= Beginning of Section =

text \<open>Since \<open>(A) : v\<close> is generated by the monomials \<open>u : v\<close> with \<open>u \<in> A\<close>, it suffices to find
  a variable in \<open>(A) : v\<close> dividing each of them.\<close>
lemma generated_by_variables_colon_idealI:
  assumes "\<And>u. u \<in> A \<Longrightarrow> \<exists>x\<in>colon_ideal n (gen_ideal n A) v. mdeg n x = 1 \<and> mdvd x (mcolon u v)"
  shows "generated_by_variables n (colon_ideal n (gen_ideal n A) v)"
  unfolding generated_by_variables_def
proof
  fix m assume m: "m \<in> mgens (colon_ideal n (gen_ideal n A) v)"
  then obtain u where "u \<in> A" "mdvd u (\<lambda>i. m i + v i)"
    using mgensD unfolding colon_ideal_def gen_ideal_def by blast
  moreover obtain x where x: "x \<in> colon_ideal n (gen_ideal n A) v" "mdeg n x = 1"
    and "mdvd x (mcolon u v)"
    using assms calculation(1) by blast
  ultimately have "mdvd x m"
    using mcolon_mdvd mdvd_trans by blast
  then show "mdeg n m = 1"
    using mgens_minimal[OF m x(1)] x(2) by simp
qed

lemma set_take_sorted_key:
  fixes f :: "'a \<Rightarrow> 'b::linorder"
  assumes "sorted_wrt (<) (map f xs)" "i < length xs"
  shows "set (take i xs) = {x \<in> set xs. f x < f (xs ! i)}"
proof -
  have sorted: "sorted_wrt (\<lambda>x y. f x < f y) xs"
    using assms(1) by (simp add: sorted_wrt_map)
  have key: "f (xs ! k) < f (xs ! i) \<longleftrightarrow> k < i" if "k < length xs" for k
    using assms(2) that sorted_wrt_nth_less[OF sorted, of k i] sorted_wrt_nth_less[OF sorted, of i k]
    by (cases k i rule: linorder_cases) auto
  have "set (take i xs) = (!) xs ` {..<i}"
    using nth_image[of i xs] assms(2) by (simp add: atLeast0LessThan)
  also have "{..<i} = {k. k < length xs \<and> f (xs ! k) < f (xs ! i)}"
    using key assms(2) by auto
  also have "(!) xs ` \<dots> = {x \<in> set xs. f x < f (xs ! i)}"
    by (auto simp: in_set_conv_nth)
  finally show ?thesis .
qed

lemma finite_strict_sorted_key_list:
  fixes f :: "'a \<Rightarrow> 'b::linorder"
  assumes "finite A" "inj_on f A"
  obtains us where "distinct us" "set us = A" "sorted_wrt (<) (map f us)"
proof -
  obtain xs where xs: "distinct xs" "set xs = A" using finite_distinct_list[OF assms(1)] by blast
  define us where "us = sort_key f xs"
  have "distinct us" "set us = A" "sorted (map f us)"
    using xs by (simp_all add: us_def)
  moreover have "distinct (map f us)" using calculation assms(2) by (simp add: distinct_map)
  ultimately show ?thesis using that by (simp add: strict_sorted_iff)
qed

lemma has_linear_quotientsI:
  fixes f :: "monom \<Rightarrow> 'a::linorder"
  assumes "finite (mgens I)" "inj_on f (mgens I)"
    and "\<And>v. v \<in> mgens I \<Longrightarrow>
           generated_by_variables n (colon_ideal n (gen_ideal n {u \<in> mgens I. f u < f v}) v)"
  shows "has_linear_quotients n I"
proof -
  obtain us where us: "distinct us" "set us = mgens I" "sorted_wrt (<) (map f us)"
    using finite_strict_sorted_key_list[OF assms(1,2)] .
  then have "set (take i us) = {u \<in> mgens I. f u < f (us ! i)}" if "i < length us" for i
    using set_take_sorted_key[OF us(3) that] us(2) by simp
  then have "lq_order n I us"
    unfolding lq_order_def using us(1,2) assms(3) nth_mem by fastforce
  then show ?thesis unfolding has_linear_quotients_def by blast
qed

definition list_index :: "'a list \<Rightarrow> 'a \<Rightarrow> nat" where
  "list_index xs x = length (takeWhile (\<lambda>y. y \<noteq> x) xs)"

lemma list_index_less_length [simp]: "x \<in> set xs \<Longrightarrow> list_index xs x < length xs"
  unfolding list_index_def by (induction xs) auto

lemma nth_list_index [simp]: "x \<in> set xs \<Longrightarrow> xs ! list_index xs x = x"
  unfolding list_index_def by (induction xs) auto

lemma list_index_nth:
  assumes "distinct xs" "p < length xs"
  shows "list_index xs (xs ! p) = p"
proof -
  have "xs ! p \<in> set xs" using assms(2) by simp
  then show ?thesis
    using nth_eq_iff_index_eq[OF assms(1) list_index_less_length assms(2)] by auto
qed

lemma list_index_less_if_precedes:
  assumes "distinct xs" "precedes xs w v" shows "list_index xs w < list_index xs v"
proof -
  obtain p q where "p < q" "q < length xs" "xs ! p = w" "xs ! q = v"
    using assms(2) unfolding precedes_def by blast
  then show ?thesis using list_index_nth[OF assms(1)] by auto
qed

locale lq_ideal_family =
  fixes n t :: nat and I :: "nat \<Rightarrow> monom set" and d :: "nat \<Rightarrow> nat"
    and ord :: "nat \<Rightarrow> monom list"
  assumes ideals: "\<And>j. 1 \<le> j \<Longrightarrow> j \<le> t \<Longrightarrow> monomial_ideal n (I j)"
    and single_degree: "\<And>j u. 1 \<le> j \<Longrightarrow> j \<le> t \<Longrightarrow> u \<in> mgens (I j) \<Longrightarrow> mdeg n u = d j"
    and degs_sorted: "\<And>i j. 1 \<le> i \<Longrightarrow> i \<le> j \<Longrightarrow> j \<le> t \<Longrightarrow> d i \<le> d j"
    and lq: "\<And>j. 1 \<le> j \<Longrightarrow> j \<le> t \<Longrightarrow> lq_order n (I j) (ord j)"
    and star: "\<And>i j u v. 1 \<le> i \<Longrightarrow> i < j \<Longrightarrow> j \<le> t \<Longrightarrow> u \<in> mgens (I i) \<Longrightarrow>
                 v \<in> mgens (I j) \<Longrightarrow> mdeg n (mcolon u v) > 1 \<Longrightarrow>
                 \<exists>w. (w \<in> (\<Union>k\<in>{1..<j}. I k) \<or> (w \<in> mgens (I j) \<and> precedes (ord j) w v)) \<and>
                     mdeg n (mcolon w v) = 1 \<and> mdvd (mcolon w v) (mcolon u v)"
begin

abbreviation sum_ideal :: "monom set" where
  "sum_ideal \<equiv> \<Union>j\<in>{1..t}. I j"

lemma is_monom_if_mem: "1 \<le> k \<Longrightarrow> k \<le> t \<Longrightarrow> u \<in> I k \<Longrightarrow> is_monom n u"
  using ideals unfolding monomial_ideal_def by blast

lemma mem_if_mdvd: "1 \<le> k \<Longrightarrow> k \<le> t \<Longrightarrow> u \<in> I k \<Longrightarrow> is_monom n v \<Longrightarrow> mdvd u v \<Longrightarrow> v \<in> I k"
  using ideals unfolding monomial_ideal_def by blast

lemma ord_mgens: "1 \<le> k \<Longrightarrow> k \<le> t \<Longrightarrow> distinct (ord k) \<and> set (ord k) = mgens (I k)"
  using lq unfolding lq_order_def by blast

definition block :: "monom \<Rightarrow> nat" where
  "block u = (LEAST k. 1 \<le> k \<and> k \<le> t \<and> u \<in> I k)"

lemma block:
  assumes "u \<in> sum_ideal"
  shows "1 \<le> block u" "block u \<le> t" "u \<in> I (block u)"
proof -
  obtain k where "1 \<le> k \<and> k \<le> t \<and> u \<in> I k" using assms by auto
  then have "1 \<le> block u \<and> block u \<le> t \<and> u \<in> I (block u)"
    unfolding block_def by (rule LeastI)
  then show "1 \<le> block u" "block u \<le> t" "u \<in> I (block u)" by blast+
qed

lemma block_le: "1 \<le> k \<Longrightarrow> k \<le> t \<Longrightarrow> u \<in> I k \<Longrightarrow> block u \<le> k"
  unfolding block_def by (rule Least_le) blast

lemma mgens_block:
  assumes "u \<in> mgens sum_ideal"
  shows "u \<in> mgens (I (block u))"
proof (rule mgens_subset[OF assms])
  show "I (block u) \<subseteq> sum_ideal" using block(1,2)[OF mgensD[OF assms]] by auto
qed (use block(3)[OF mgensD[OF assms]] in simp)

lemma is_monom_if_mem_sum: "\<forall>u\<in>sum_ideal. is_monom n u"
  using is_monom_if_mem by (auto simp del: One_nat_def)

lemma finite_mgens_sum: "finite (mgens sum_ideal)"
proof (rule finite_subset)
  show "mgens sum_ideal \<subseteq> (\<Union>k\<in>{1..t}. set (ord k))"
  proof
    fix u assume u: "u \<in> mgens sum_ideal"
    then have "u \<in> set (ord (block u))"
      using mgens_block[OF u] block[OF mgensD[OF u]] ord_mgens by blast
    then show "u \<in> (\<Union>k\<in>{1..t}. set (ord k))" using block(1,2)[OF mgensD[OF u]] by auto
  qed
qed simp

text \<open>Pairs are ordered lexicographically, as imported from Product_Lexorder.\<close>
definition rank :: "monom \<Rightarrow> nat \<times> nat" where
  "rank u = (block u, list_index (ord (block u)) u)"

lemma inj_on_rank: "inj_on rank (mgens sum_ideal)"
proof
  fix u v assume u: "u \<in> mgens sum_ideal" and v: "v \<in> mgens sum_ideal" and "rank u = rank v"
  then have "block u = block v" by (simp add: rank_def)
  moreover from this \<open>rank u = rank v\<close>
  have "list_index (ord (block v)) u = list_index (ord (block v)) v" by (simp add: rank_def)
  moreover have "u \<in> set (ord (block u))" "v \<in> set (ord (block v))"
    using mgens_block[OF u] mgens_block[OF v] block[OF mgensD[OF u]] block[OF mgensD[OF v]] ord_mgens
    by blast+
  ultimately show "u = v" using nth_list_index by metis
qed

lemma mgens_sum_mdvd_mgens:
  assumes g: "g \<in> mgens sum_ideal" and k: "1 \<le> k" "k \<le> t"
    and h: "h \<in> mgens (I k)" and "mdvd g h"
  shows "block g \<le> k" and "block g = k \<Longrightarrow> g = h"
proof -
  have eq: "g = h" if "k \<le> block g" \<comment> \<open>then \<open>g\<close> has degree at least \<open>d k\<close>\<close>
  proof (rule mdvd_mdeg_eq)
    show "is_monom n h" using is_monom_if_mem[OF k mgensD[OF h]] .
    have "mdeg n h = d k" using single_degree[OF k h] .
    also have "\<dots> \<le> d (block g)" using degs_sorted[OF k(1) that] block(2)[OF mgensD[OF g]] .
    also have "\<dots> = mdeg n g"
      using single_degree[OF block(1,2)[OF mgensD[OF g]] mgens_block[OF g]] by simp
    finally show "mdeg n h \<le> mdeg n g" .
  qed (fact \<open>mdvd g h\<close>)
  show "block g \<le> k"
  proof (cases "k \<le> block g")
    case True
    then have "g = h" by (rule eq)
    then show ?thesis using block_le[OF k mgensD[OF h]] by simp
  qed simp
  show "g = h" if "block g = k" using that by (intro eq) simp
qed

abbreviation earlier :: "monom \<Rightarrow> monom set" where
  "earlier v \<equiv> {u \<in> mgens sum_ideal. rank u < rank v}"

lemma mem_gen_ideal_earlier:
  assumes v: "v \<in> mgens sum_ideal"
    and w: "w \<in> (\<Union>k\<in>{1..<block v}. I k) \<or>
            (w \<in> mgens (I (block v)) \<and> precedes (ord (block v)) w v)"
  shows "w \<in> gen_ideal n (earlier v)"
proof -
  have bv: "1 \<le> block v" "block v \<le> t" using block[OF mgensD[OF v]] by simp_all
  obtain k h where k: "1 \<le> k" "k \<le> block v" and h: "h \<in> mgens (I k)" "mdvd h w"
    and wk: "w \<in> I k" and pre: "k = block v \<Longrightarrow> precedes (ord k) h v"
  proof (cases "w \<in> mgens (I (block v)) \<and> precedes (ord (block v)) w v")
    case True
    then show ?thesis using that[of "block v" w] bv mgensD by auto
  next
    case False
    then obtain k where "k \<in> {1..<block v}" "w \<in> I k" using w by blast
    then have k: "1 \<le> k" "k < block v" "w \<in> I k" by simp_all
    moreover have "\<forall>x\<in>I k. is_monom n x" using is_monom_if_mem k bv by simp
    ultimately obtain h where "h \<in> mgens (I k)" "mdvd h w"
      using exists_mgens_mdvd by blast
    then show ?thesis using that[of k h] k by simp
  qed
  have kt: "k \<le> t" using k bv by simp
  obtain g where g: "g \<in> mgens sum_ideal" "mdvd g h"
  proof -
    have "h \<in> sum_ideal" using mgensD[OF h(1)] k(1) kt by (intro UN_I[of k]) simp_all
    then show ?thesis using exists_mgens_mdvd[OF is_monom_if_mem_sum] that by blast
  qed
  have "rank g < rank v"
  proof (cases "block g < block v")
    case False
    then have "block g = k" "g = h"
      using mgens_sum_mdvd_mgens[OF g(1) k(1) kt h(1) g(2)] k(2) by simp_all
    moreover have "k = block v" using False k(2) calculation(1) by simp
    ultimately have "precedes (ord k) g v" using pre by simp
    then have "list_index (ord k) g < list_index (ord k) v"
      using list_index_less_if_precedes ord_mgens[OF k(1) kt] by blast
    then show ?thesis using \<open>block g = k\<close> False k(2) by (simp add: rank_def)
  qed (simp add: rank_def)
  then show ?thesis
    unfolding gen_ideal_def using g mdvd_trans[OF g(2) h(2)] is_monom_if_mem[OF k(1) kt wk] by blast
qed

lemma variable_dvd_mcolon_earlier_block:
  assumes v: "v \<in> mgens sum_ideal" and u: "u \<in> mgens sum_ideal" and less: "block u < block v"
  shows "\<exists>x\<in>colon_ideal n (gen_ideal n (earlier v)) v. mdeg n x = 1 \<and> mdvd x (mcolon u v)"
proof -
  have bu: "1 \<le> block u" "block u \<le> t" "u \<in> mgens (I (block u))"
    using block[OF mgensD[OF u]] mgens_block[OF u] by simp_all
  have bv: "block v \<le> t" "v \<in> mgens (I (block v))"
    using block[OF mgensD[OF v]] mgens_block[OF v] by simp_all
  have vmon: "is_monom n v" and umon: "is_monom n u"
    using is_monom_if_mem_sum mgensD[OF v] mgensD[OF u] by blast+
  have "mdeg n (mcolon u v) \<noteq> 0"
  proof
    assume "mdeg n (mcolon u v) = 0"
    then have "mdvd u v" using mdeg_mcolon_eq_0[OF umon] by simp
    then have "v \<in> I (block u)" using mem_if_mdvd[OF bu(1,2) mgensD[OF bu(3)] vmon] by simp
    then have "block v \<le> block u" using block_le[OF bu(1,2)] by simp
    with less show False by simp
  qed
  then consider "mdeg n (mcolon u v) = 1" | "mdeg n (mcolon u v) > 1" by linarith
  then show ?thesis
  proof cases
    case 1
    have "rank u < rank v" using less by (simp add: rank_def)
    then have "u \<in> gen_ideal n (earlier v)"
      unfolding gen_ideal_def using u umon mdvd_refl by blast
    then show ?thesis using mcolon_mem_colon_ideal[OF _ vmon] 1 mdvd_refl by blast
  next
    case 2
    then obtain w where w: "w \<in> (\<Union>k\<in>{1..<block v}. I k) \<or>
                            (w \<in> mgens (I (block v)) \<and> precedes (ord (block v)) w v)"
      and "mdeg n (mcolon w v) = 1" "mdvd (mcolon w v) (mcolon u v)"
      using star[OF bu(1) less bv(1) bu(3) bv(2)] by blast
    moreover have "w \<in> gen_ideal n (earlier v)" using mem_gen_ideal_earlier[OF v w] .
    ultimately show ?thesis using mcolon_mem_colon_ideal[OF _ vmon] by blast
  qed
qed
(* Let $\mathcal{A}\subset\mathbb{N}$ be an alphabet. If the semigroup $\Gamma_{\mathcal{A}}$ does not have everywhere strong approximation, then there exist an integer $k^{\ast}\ge 2$ and a residue $r \pmod{k^{\ast}}$ such that $\mathcal{A}\subseteq r+k^{\ast}\mathbb{Z}$.
   Context: For $a\in\mathbb{N}$ let $\gamma_a=\begin{pmatrix}0&1\\1&a\end{pmatrix}$. $\mathcal{G}_{\mathcal{A}}\subset \mathrm{GL}_2(\mathbb{Z})$ is the semigroup generated by $\gamma_a$, $a\in\mathcal{A}$, and $\Gamma_{\mathcal{A}}\subset\mathrm{SL}_2(\mathbb{Z})$ is its determinant-one subsemigroup, generated by the products $\gamma_a\gamma_{a'}$, $a,a'\in\mathcal{A}$. $\Gamma_{\mathcal{A}}$ has everywhere strong approximation if for every $q\in\mathbb{N}$ the reduction of $\Gamma_{\mathcal{A}}$ modulo $q$ equals $\mathrm{SL}_2(\mathbb{Z}/q\mathbb{Z})$. *)

theory Defs
  imports "HOL-Analysis.Analysis" "HOL-Number_Theory.Cong"
begin

type_synonym mat2 = "int ^ 2 ^ 2"

definition mk2 :: "int \<Rightarrow> int \<Rightarrow> int \<Rightarrow> int \<Rightarrow> mat2" where
  "mk2 a b c d = vector [vector [a, b], vector [c, d]]"

definition gamma :: "nat \<Rightarrow> mat2" where
  "gamma a = mk2 0 1 1 (int a)"

inductive_set G_semigroup :: "nat set \<Rightarrow> mat2 set" for A where
  gen: "a \<in> A \<Longrightarrow> gamma a \<in> G_semigroup A"
| mult: "M \<in> G_semigroup A \<Longrightarrow> N \<in> G_semigroup A \<Longrightarrow> M ** N \<in> G_semigroup A"

definition Gamma_semigroup :: "nat set \<Rightarrow> mat2 set" where
  "Gamma_semigroup A = {M \<in> G_semigroup A. det M = 1}"

definition mat_cong :: "int \<Rightarrow> mat2 \<Rightarrow> mat2 \<Rightarrow> bool" where
  "mat_cong q M N \<longleftrightarrow> (\<forall>i j. [M $ i $ j = N $ i $ j] (mod q))"

text \<open>Reduction mod q of S equals SL_2(Z/qZ): every integer matrix whose determinant is
  1 mod q (i.e. every lift of an element of SL_2(Z/qZ)) is congruent mod q to an element of S,
  and every element of S reduces into SL_2(Z/qZ).\<close>
definition surj_mod :: "mat2 set \<Rightarrow> int \<Rightarrow> bool" where
  "surj_mod S q \<longleftrightarrow> (\<forall>M. [det M = 1] (mod q) \<longrightarrow> (\<exists>N\<in>S. mat_cong q M N))
                      \<and> (\<forall>N\<in>S. [det N = 1] (mod q))"

definition everywhere_strong_approx :: "mat2 set \<Rightarrow> bool" where
  "everywhere_strong_approx S \<longleftrightarrow> (\<forall>q::nat. q \<ge> 1 \<longrightarrow> surj_mod S (int q))"

end

theory Submission
  imports Defs
begin

text \<open>Modulo q the matrix gamma b has finite order, so some odd power of gamma b lies in G_A
  and is congruent to the inverse of gamma b; multiplying it by gamma a on either side gives
  elements of Gamma_A congruent to the elementary matrices E21 (a - b) and E12 (a - b). The set of
  t for which both E12 t and E21 t are represented modulo q in Gamma_A is closed under addition
  and under congruence modulo q, hence equals g\<int> for some g \<ge> 1. As g divides every difference
  a - b of letters, g = 1 unless A lies in one residue class modulo g \<ge> 2. Finally the elementary
  matrices generate SL_2(\<int>/q\<int>), by the Euclidean algorithm on the first column.\<close>

lemma mk2_nth [simp]:
  "mk2 a b c d $ 1 $ 1 = a" "mk2 a b c d $ 1 $ 2 = b"
  "mk2 a b c d $ 2 $ 1 = c" "mk2 a b c d $ 2 $ 2 = d"
  by (simp_all add: mk2_def)

lemma mk2_eta: "M = mk2 (M$1$1) (M$1$2) (M$2$1) (M$2$2)"
  by (simp add: vec_eq_iff forall_2)

lemma mk2_mult [simp]:
  "mk2 a b c d ** mk2 e f g h = mk2 (a*e + b*g) (a*f + b*h) (c*e + d*g) (c*f + d*h)"
  by (simp add: vec_eq_iff forall_2 matrix_matrix_mult_def sum_2)

lemma det_mk2 [simp]: "det (mk2 a b c d) = a*d - b*c"
  by (simp add: det_2)

lemma mat_one_eq_mk2: "(mat 1 :: mat2) = mk2 1 0 0 1"
  by (simp add: vec_eq_iff forall_2 mat_def)

abbreviation E12 :: "int \<Rightarrow> mat2" where
  "E12 t \<equiv> mk2 1 t 0 1"

abbreviation E21 :: "int \<Rightarrow> mat2" where
  "E21 t \<equiv> mk2 1 0 t 1"

lemma mat_cong_mk2:
  "mat_cong q (mk2 a b c d) (mk2 e f g h) \<longleftrightarrow>
    [a = e] (mod q) \<and> [b = f] (mod q) \<and> [c = g] (mod q) \<and> [d = h] (mod q)"
  by (simp add: mat_cong_def forall_2)

lemma mat_cong_refl: "mat_cong q M M"
  by (simp add: mat_cong_def)

lemma mat_cong_sym: "mat_cong q M N \<Longrightarrow> mat_cong q N M"
  by (simp add: mat_cong_def cong_sym)

lemma mat_cong_trans: "mat_cong q M N \<Longrightarrow> mat_cong q N K \<Longrightarrow> mat_cong q M K"
  unfolding mat_cong_def using cong_trans by blast

lemma mat_cong_mult:
  assumes "mat_cong q X Y" "mat_cong q Z W"
  shows "mat_cong q (X ** Z) (Y ** W)"
proof -
  have "mat_cong q (mk2 (X$1$1) (X$1$2) (X$2$1) (X$2$2) ** mk2 (Z$1$1) (Z$1$2) (Z$2$1) (Z$2$2))
     (mk2 (Y$1$1) (Y$1$2) (Y$2$1) (Y$2$2) ** mk2 (W$1$1) (W$1$2) (W$2$1) (W$2$2))"
    using assms unfolding mk2_mult mat_cong_mk2 unfolding mat_cong_def
    by (intro conjI cong_add cong_mult) auto
  then show ?thesis
    using mk2_eta[of X] mk2_eta[of Y] mk2_eta[of Z] mk2_eta[of W] by simp
qed

lemma cong_if_diff_eq_mult:
  fixes q u :: int
  assumes "x - y = u * w" and "q dvd u"
  shows "[x = y] (mod q)"
  using assms by (simp add: cong_iff_dvd_diff)

definition cong_closure :: "int \<Rightarrow> mat2 set \<Rightarrow> mat2 set" where
  "cong_closure q S = {X. \<exists>N\<in>S. mat_cong q X N}"

lemma cong_closure_mult:
  assumes "\<And>M N. M \<in> S \<Longrightarrow> N \<in> S \<Longrightarrow> M ** N \<in> S"
    and "X \<in> cong_closure q S" "Y \<in> cong_closure q S"
  shows "X ** Y \<in> cong_closure q S"
  using assms mat_cong_mult unfolding cong_closure_def by blast

lemma cong_closure_cong:
  "X \<in> cong_closure q S \<Longrightarrow> mat_cong q Y X \<Longrightarrow> Y \<in> cong_closure q S"
  using mat_cong_trans unfolding cong_closure_def by blast

subsection \<open>Elementary matrices generate SL_2(\<int>/q\<int>)\<close>

lemma mk2_eq_E12_weyl_mult:
  "mk2 (s*c + r) b c d = E12 s ** (E12 1 ** E21 (-1) ** E12 1) ** mk2 (-c) (-d) r (b - s*d)"
  by (simp add: algebra_simps)

text \<open>As d inverts a modulo q, the first four factors multiply to diag a d modulo q.\<close>

lemma upper_triangular_cong_elementary_product:
  assumes "[a * d = 1] (mod q)"
  shows "mat_cong q (mk2 a b 0 d)
    (E12 a ** E21 (-d) ** E12 a ** (E12 (-1) ** E21 1 ** E12 (-1)) ** E12 (b*d))"
proof -
  have u: "q dvd a*d - 1"
    using assms by (simp add: cong_iff_dvd_diff)
  have "E12 a ** E21 (-d) ** E12 a ** (E12 (-1) ** E21 1 ** E12 (-1)) ** E12 (b*d) =
      mk2 (a * (2 - a*d)) (a * (2 - a*d) * b * d + a*d - 1) (1 - a*d) ((1 - a*d) * b * d + d)"
    by (simp add: algebra_simps)
  moreover have "[a = a * (2 - a*d)] (mod q)"
    by (rule cong_if_diff_eq_mult[OF _ u, where w = a]) (simp add: algebra_simps)
  moreover have "[b = a * (2 - a*d) * b * d + a*d - 1] (mod q)"
    by (rule cong_if_diff_eq_mult[OF _ u, where w = "(a*d - 1) * b - 1"]) (simp add: algebra_simps)
  moreover have "[0 = 1 - a*d] (mod q)"
    by (rule cong_if_diff_eq_mult[OF _ u, where w = 1]) simp
  moreover have "[d = (1 - a*d) * b * d + d] (mod q)"
    by (rule cong_if_diff_eq_mult[OF _ u, where w = "b * d"]) (simp add: algebra_simps)
  ultimately show ?thesis
    by (simp only: mat_cong_mk2)
qed

lemma det_cong_one_mem_elementary_closure:
  fixes S :: "mat2 set"
  assumes mult: "\<And>X Y. X \<in> S \<Longrightarrow> Y \<in> S \<Longrightarrow> X ** Y \<in> S"
    and cong: "\<And>X Y. X \<in> S \<Longrightarrow> mat_cong q Y X \<Longrightarrow> Y \<in> S"
    and E12: "\<And>t. E12 t \<in> S" and E21: "\<And>t. E21 t \<in> S"
  shows "[det M = 1] (mod q) \<Longrightarrow> M \<in> S"
proof (induction "nat \<bar>M$2$1\<bar>" arbitrary: M rule: less_induct)
  case less
  obtain a b c d where M: "M = mk2 a b c d"
    by (rule that[OF mk2_eta])
  show ?case
  proof (cases "c = 0")
    case True
    then have "[a * d = 1] (mod q)"
      using less.prems M by simp
    from upper_triangular_cong_elementary_product[OF this, of b] show ?thesis
      unfolding M True by (rule cong[rotated]) (simp only: mult E12 E21)
  next
    case False
    define s r where "s = a div c" and "r = a mod c"
    have a: "a = s*c + r"
      by (simp add: s_def r_def)
    define M' where "M' = mk2 (-c) (-d) r (b - s*d)"
    have "nat \<bar>M'$2$1\<bar> < nat \<bar>M$2$1\<bar>"
      using abs_mod_less[OF False, of a] by (simp add: M'_def M r_def)
    moreover have "det M' = det M"
      by (simp add: M'_def M a algebra_simps)
    ultimately have "M' \<in> S"
      using less by simp
    then have "E12 s ** (E12 1 ** E21 (-1) ** E12 1) ** M' \<in> S"
      by (simp only: mult E12 E21)
    then show ?thesis
      unfolding M a M'_def mk2_eq_E12_weyl_mult .
  qed
qed

subsection \<open>Inverting a generator modulo q\<close>

fun mat_pow :: "mat2 \<Rightarrow> nat \<Rightarrow> mat2" where
  "mat_pow M 0 = mat 1"
| "mat_pow M (Suc n) = M ** mat_pow M n"

lemma mat_pow_add: "mat_pow M (m + n) = mat_pow M m ** mat_pow M n"
  by (induction m) (simp_all add: matrix_mul_assoc)

lemma mat_pow_Suc': "mat_pow M (Suc n) = mat_pow M n ** M"
  using mat_pow_add[of M n 1] by simp

lemma det_mat_pow: "det (mat_pow M n) = det M ^ n"
  by (induction n) (simp_all add: det_mul det_I)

= End of Section =

» **About this exercise**:
Reprint exactly the lines above that start at the one with "n (colon_ideal n (gen_ideal n A)" and end at the one with "mgens I \<Longrightarrow>", keeping both and adding none.

» **Task result**:
  shows "generated_by_variables n (colon_ideal n (gen_ideal n A) v)"
  unfolding generated_by_variables_def
proof
  fix m assume m: "m \<in> mgens (colon_ideal n (gen_ideal n A) v)"
  then obtain u where "u \<in> A" "mdvd u (\<lambda>i. m i + v i)"
    using mgensD unfolding colon_ideal_def gen_ideal_def by blast
  moreover obtain x where x: "x \<in> colon_ideal n (gen_ideal n A) v" "mdeg n x = 1"
    and "mdvd x (mcolon u v)"
    using assms calculation(1) by blast
  ultimately have "mdvd x m"
    using mcolon_mdvd mdvd_trans by blast
  then show "mdeg n m = 1"
    using mgens_minimal[OF m x(1)] x(2) by simp
qed

lemma set_take_sorted_key:
  fixes f :: "'a \<Rightarrow> 'b::linorder"
  assumes "sorted_wrt (<) (map f xs)" "i < length xs"
  shows "set (take i xs) = {x \<in> set xs. f x < f (xs ! i)}"
proof -
  have sorted: "sorted_wrt (\<lambda>x y. f x < f y) xs"
    using assms(1) by (simp add: sorted_wrt_map)
  have key: "f (xs ! k) < f (xs ! i) \<longleftrightarrow> k < i" if "k < length xs" for k
    using assms(2) that sorted_wrt_nth_less[OF sorted, of k i] sorted_wrt_nth_less[OF sorted, of i k]
    by (cases k i rule: linorder_cases) auto
  have "set (take i xs) = (!) xs ` {..<i}"
    using nth_image[of i xs] assms(2) by (simp add: atLeast0LessThan)
  also have "{..<i} = {k. k < length xs \<and> f (xs ! k) < f (xs ! i)}"
    using key assms(2) by auto
  also have "(!) xs ` \<dots> = {x \<in> set xs. f x < f (xs ! i)}"
    by (auto simp: in_set_conv_nth)
  finally show ?thesis .
qed

lemma finite_strict_sorted_key_list:
  fixes f :: "'a \<Rightarrow> 'b::linorder"
  assumes "finite A" "inj_on f A"
  obtains us where "distinct us" "set us = A" "sorted_wrt (<) (map f us)"
proof -
  obtain xs where xs: "distinct xs" "set xs = A" using finite_distinct_list[OF assms(1)] by blast
  define us where "us = sort_key f xs"
  have "distinct us" "set us = A" "sorted (map f us)"
    using xs by (simp_all add: us_def)
  moreover have "distinct (map f us)" using calculation assms(2) by (simp add: distinct_map)
  ultimately show ?thesis using that by (simp add: strict_sorted_iff)
qed

lemma has_linear_quotientsI:
  fixes f :: "monom \<Rightarrow> 'a::linorder"
  assumes "finite (mgens I)" "inj_on f (mgens I)"
    and "\<And>v. v \<in> mgens I \<Longrightarrow>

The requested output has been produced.